Ecama flags fiscal, inflation challenges – The Times Group

Navigating Fiscal Headwinds: ECAMA Highlights Key Challenges to Stimulate Malawi’s Economic Growth

Post was last updated: January 2, 2026

Key Business Points

  • Malawi’s economy experienced modest growth of 2.7 percent in 2025, failing to keep pace with population growth, and was heavily dependent on rain-fed agriculture, making it vulnerable to climate and external shocks.
  • Inflation remains a major concern, with food inflation driven by weak domestic production and exchange rate pass-through, and is expected to ease to between 15 and 20 percent by the end of 2026.
  • Fiscal management is a significant constraint, with public debt estimated at 88 percent of GDP and interest costs nearing seven percent of GDP, making it essential for the government to restore fiscal credibility and discipline.

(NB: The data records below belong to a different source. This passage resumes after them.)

text \<open>q_l; for lam > a_l the value c_l xi_l(lam)/(pi |w|^2) is real (xi_l(lam) > 0), we take Re.
  The value at lam = a_l (a null set) is not specified in the paper; we put 0.\<close>
definition qfun :: "nat \<Rightarrow> (nat \<Rightarrow> real) \<Rightarrow> (nat \<Rightarrow> real) \<Rightarrow> nat \<Rightarrow> real \<Rightarrow> real" where
  "qfun n c a l lam =
     (if lam > a l then c l * Re (xi c a l (complex_of_real lam)) / (pi * (cmod (wfun n c a lam))\<^sup>2)
      else 0)"

definition in_L2q :: "nat \<Rightarrow> (nat \<Rightarrow> real) \<Rightarrow> (nat \<Rightarrow> real) \<Rightarrow> (nat \<Rightarrow> real \<Rightarrow> complex) \<Rightarrow> bool" where
  "in_L2q n c a G \<longleftrightarrow> (\<forall>k\<in>{1..n}.
      set_borel_measurable lborel {a k<..} (G k) \<and>
      set_integrable lborel {a k<..} (\<lambda>lam. qfun n c a k lam * (cmod (G k lam))\<^sup>2))"

definition norm_L2q :: "nat \<Rightarrow> (nat \<Rightarrow> real) \<Rightarrow> (nat \<Rightarrow> real) \<Rightarrow> (nat \<Rightarrow> real \<Rightarrow> complex) \<Rightarrow> real" where
  "norm_L2q n c a G = sqrt (\<Sum>k\<in>{1..n}.
      set_lebesgue_integral lborel {a k<..} (\<lambda>lam. qfun n c a k lam * (cmod (G k lam))\<^sup>2))"

definition in_H :: "nat \<Rightarrow> (nat \<Rightarrow> real \<Rightarrow> complex) \<Rightarrow> bool" where
  "in_H n f \<longleftrightarrow> (\<forall>k\<in>{1..n}.
      set_borel_measurable lborel {0<..} (f k) \<and>
      set_integrable lborel {0<..} (\<lambda>x. (cmod (f k x))\<^sup>2))"

definition norm_H :: "nat \<Rightarrow> (nat \<Rightarrow> real \<Rightarrow> complex) \<Rightarrow> real" where
  "norm_H n f = sqrt (\<Sum>k\<in>{1..n}. set_lebesgue_integral lborel {0<..} (\<lambda>x. (cmod (f k x))\<^sup>2))"

definition ae_eq_N :: "nat \<Rightarrow> (nat \<Rightarrow> real \<Rightarrow> complex) \<Rightarrow> (nat \<Rightarrow> real \<Rightarrow> complex) \<Rightarrow> bool" where
  "ae_eq_N n f g \<longleftrightarrow> (\<forall>k\<in>{1..n}. AE x in lborel. x > 0 \<longrightarrow> f k x = g k x)"

text \<open>C^infinity on a set S (one-sided derivatives at boundary points of S, e.g. [a,oo)).\<close>
definition C_inf_on :: "real set \<Rightarrow> (real \<Rightarrow> 'b::real_normed_vector) \<Rightarrow> bool" where
  "C_inf_on S f \<longleftrightarrow> (\<exists>D. (\<forall>t\<in>S. D 0 t = f t) \<and>
      (\<forall>m. \<forall>t\<in>S. (D m has_vector_derivative D (Suc m) t) (at t within S)))"

definition schwartz :: "(real \<Rightarrow> 'b::real_normed_vector) \<Rightarrow> bool" where
  "schwartz f \<longleftrightarrow> (\<exists>D. D 0 = f \<and>
      (\<forall>m t. (D m has_vector_derivative D (Suc m) t) (at t)) \<and>
      (\<forall>m p. \<exists>B. \<forall>t. \<bar>t\<bar> ^ p * norm (D m t) \<le> B))"

definition Xset :: "nat \<Rightarrow> (nat \<Rightarrow> real) \<Rightarrow> (nat \<Rightarrow> real) \<Rightarrow> (real \<Rightarrow> real) \<Rightarrow> (nat \<Rightarrow> real \<Rightarrow> complex) set" where
  "Xset n c a chi = {G. in_L2q n c a G \<and> (\<forall>k\<in>{1..n}.
      C_inf_on {a k..} (G k) \<and>
      schwartz (\<lambda>t. if a k \<le> t then complex_of_real (chi t) * G k t else 0))}"

definition Zmap :: "nat \<Rightarrow> (nat \<Rightarrow> real) \<Rightarrow> (nat \<Rightarrow> real) \<Rightarrow> (nat \<Rightarrow> real \<Rightarrow> complex) \<Rightarrow> nat \<Rightarrow> real \<Rightarrow> complex" where
  "Zmap n c a G = (\<lambda>k x. \<Sum>j\<in>{1..n}. set_lebesgue_integral lborel {a j<..}
      (\<lambda>lam. complex_of_real (qfun n c a j lam) * G j lam * Fminus n c a j (complex_of_real lam) k x))"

Malawi’s economy remained fragile in 2025, marked by modest growth, persistently high inflation, managed exchange rate volatility, and severe fiscal pressures, according to the Economics Association of Malawi (Ecama). The economy’s growth was revised downwards to 2.7 percent, which is below the six percent threshold required for meaningful poverty reduction. The growth was heavily dependent on rain-fed agriculture, leaving the economy extremely vulnerable to climate and external shocks. As the Chichewa proverb goes, "Mvula sindikufa, ndi mphamvu" (rain is life, and it’s powerful), highlighting the importance of agriculture to Malawi’s economy.

Inflation eased marginally towards the end of the year, falling to 27.9 percent year-on-year in November, but remained severely damaging to living standards. Food inflation, driven by weak domestic production and exchange rate pass-through, remained the dominant pressure. The government projected average inflation of about 28.5 percent in 2025, which is expected to ease to 20.7 percent in 2026. Forex scarcity was identified as one of the most critical challenges in 2025, with reserves remaining below two months of import cover for most of the year.

Fiscal management remained the dominant macroeconomic constraint, with the International Monetary Fund estimating Malawi’s public debt at about 88 percent of GDP. Interest costs were nearing seven percent of GDP, and although the government had projected debt to decline to around 71 percent by the end of 2025, debt distress remained severe. The fiscal deficit was still projected above seven percent of GDP, making it essential for the government to restore fiscal credibility and discipline. As Ecama president Bertha Bangara Chikadza noted, "kugwira ntchito ndi kuzipanga" (working is planning), emphasizing the need for careful planning and management of the economy.

Looking ahead, Ecama says 2026 could see modest improvement only if food supply strengthens, forex inflows rise, and fiscal credibility is restored. The association projects growth to rise to between 3.5 and 4.5 percent in 2026, and inflation is expected to gradually ease to between 15 and 20 percent by the end of 2026. However, downside risks remain significant, including another poor agricultural season, intensified forex shortages, and fiscal slippages. Minister of Finance, Economic Affairs and Decentralisation Joseph Mwanamvekha noted that Malawi’s economic growth had declined sharply over the past five years but is expected to rebound through investment in agriculture, tourism, mining, manufacturing, and digitalisation. With careful planning and management, Malawi’s economy can "kuchita bwino" (do well) and achieve sustainable growth and development.